#### How to complete this task
Scan the data for "coeff" and copy the lines it appears in.

#### Given data
text \<open>
  Put b = sqrt 2 z + i t. Up to a constant factor, the Bargmann kernel times h_k(x) e^(i t x)
  is e^(-z^2/2) e^(b x) times the k-th derivative of e^(-x^2). Integrating by parts k times
  gives (-b)^k times the integral of e^(b x - x^2), and completing the square turns that
  integral into the characteristic function of the standard normal distribution, so it
  equals sqrt pi e^(b^2/4). Hence the transform of h_k(x) e^(i t x) is
  (z + i t / sqrt 2)^k e^(i z t / sqrt 2 - t^2/4) / sqrt k!, and the theorem follows by
  linearity, F_n being a finite combination of such exponentials.
\<close>

fun gaussian_deriv_poly :: "nat \<Rightarrow> real poly" where
  "gaussian_deriv_poly 0 = 1"
| "gaussian_deriv_poly (Suc m) = pderiv (gaussian_deriv_poly m) - [:0, 2:] * gaussian_deriv_poly m"

definition gaussian_deriv :: "nat \<Rightarrow> real \<Rightarrow> real" where
  "gaussian_deriv m x = poly (gaussian_deriv_poly m) x * exp (- (x\<^sup>2))"

lemma has_real_derivative_gaussian_deriv:
  "(gaussian_deriv m has_real_derivative gaussian_deriv (Suc m) x) (at x)"
  unfolding gaussian_deriv_def by (auto intro!: derivative_eq_intros simp: algebra_simps)

lemma continuous_on_gaussian_deriv [continuous_intros]: "continuous_on A (gaussian_deriv m)"
  unfolding gaussian_deriv_def by (intro continuous_intros)

lemma higher_deriv_gaussian: "(deriv ^^ m) (\<lambda>t. exp (- (t\<^sup>2))) = gaussian_deriv m"
proof (induction m)
  case 0
  show ?case by (simp add: gaussian_deriv_def fun_eq_iff)
next
  case (Suc m)
  show ?case
    using has_real_derivative_gaussian_deriv by (simp add: Suc.IH fun_eq_iff DERIV_imp_deriv)
qed

lemma hermite_fun_eq_gaussian_deriv:
  "hermite_fun k x =
     (2 ^ k * fact k * sqrt pi) powr (-1/2) * (-1) ^ k * exp (x\<^sup>2 / 2) * gaussian_deriv k x"
proof -
  have "exp (x\<^sup>2) * exp (- (x\<^sup>2) / 2) = exp (x\<^sup>2 / 2)"
    by (simp flip: exp_add)
  then show ?thesis
    unfolding hermite_fun_def hermite_poly_def higher_deriv_gaussian by (simp add: mult_ac)
qed

lemma power_div_fact_le_exp:
  assumes "(y::real) \<ge> 0"
  shows "y ^ n / fact n \<le> exp y"
proof -
  have s: "(\<lambda>n. y ^ n /\<^sub>R fact n) sums exp y" by (rule exp_converges)
  have "(\<Sum>n\<in>{n}. y ^ n /\<^sub>R fact n) \<le> (\<Sum>n. y ^ n /\<^sub>R fact n)"
    by (rule sum_le_suminf) (use s assms in \<open>auto simp: sums_iff\<close>)
  then show ?thesis using s by (simp add: sums_iff divide_inverse mult.commute)
qed

lemma poly_bounded_by_exp_abs: "\<exists>K. \<forall>x::real. \<bar>poly p x\<bar> \<le> K * exp \<bar>x\<bar>"
proof -
  define K where "K = (\<Sum>i\<le>degree p. \<bar>coeff p i\<bar> * fact i)"
  have "\<bar>poly p x\<bar> \<le> K * exp \<bar>x\<bar>" for x
  proof -
    have "\<bar>poly p x\<bar> \<le> (\<Sum>i\<le>degree p. \<bar>coeff p i\<bar> * \<bar>x\<bar> ^ i)"
      unfolding poly_altdef by (rule order.trans[OF sum_abs]) (simp add: abs_mult power_abs)
    also have "\<dots> \<le> (\<Sum>i\<le>degree p. \<bar>coeff p i\<bar> * (fact i * exp \<bar>x\<bar>))"
      using power_div_fact_le_exp[of "\<bar>x\<bar>"]
      by (intro sum_mono mult_left_mono) (auto simp: field_simps)
    also have "\<dots> = K * exp \<bar>x\<bar>"
      by (simp add: K_def sum_distrib_left mult_ac)
    finally show ?thesis .
  qed
  then show ?thesis by blast
qed

lemma gaussian_deriv_bound:
  "\<exists>K. \<forall>x. \<bar>gaussian_deriv m x\<bar> * exp (c * x) \<le> K * exp (- (x\<^sup>2) / 2)"
proof -
  obtain K where K: "\<And>x. \<bar>poly (gaussian_deriv_poly m) x\<bar> \<le> K * exp \<bar>x\<bar>"
    using poly_bounded_by_exp_abs by blast
  have "0 \<le> K" using K[of 0] by simp
  define d where "d = 1 + \<bar>c\<bar>"
  have "\<bar>gaussian_deriv m x\<bar> * exp (c * x) \<le> (K * exp (d\<^sup>2 / 2)) * exp (- (x\<^sup>2) / 2)" for x
  proof -
    have "\<bar>x\<bar> + c * x \<le> d * \<bar>x\<bar>"
      unfolding d_def using abs_ge_self[of "c * x"] by (simp add: abs_mult distrib_right)
    also have "\<dots> \<le> d\<^sup>2 / 2 + x\<^sup>2 / 2"
      using sum_power2_ge_zero[of "d - \<bar>x\<bar>" 0] by (simp add: power2_eq_square algebra_simps)
    finally have exponent: "\<bar>x\<bar> + - (x\<^sup>2) + c * x \<le> d\<^sup>2 / 2 + - (x\<^sup>2) / 2"
      by simp
    have "\<bar>gaussian_deriv m x\<bar> * exp (c * x) \<le> K * (exp \<bar>x\<bar> * exp (- (x\<^sup>2)) * exp (c * x))"
      unfolding gaussian_deriv_def abs_mult using K[of x] by (auto simp: mult_ac intro!: mult_right_mono)
    also have "\<dots> \<le> K * (exp (d\<^sup>2 / 2) * exp (- (x\<^sup>2) / 2))"
      using exponent \<open>0 \<le> K\<close> by (intro mult_left_mono) (simp_all flip: exp_add)
    finally show ?thesis by (simp only: mult_ac)
  qed
  then show ?thesis by blast
qed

#### Solution for this task
  define K where "K = (\<Sum>i\<le>degree p. \<bar>coeff p i\<bar> * fact i)"
    have "\<bar>poly p x\<bar> \<le> (\<Sum>i\<le>degree p. \<bar>coeff p i\<bar> * \<bar>x\<bar> ^ i)"
    also have "\<dots> \<le> (\<Sum>i\<le>degree p. \<bar>coeff p i\<bar> * (fact i * exp \<bar>x\<bar>))"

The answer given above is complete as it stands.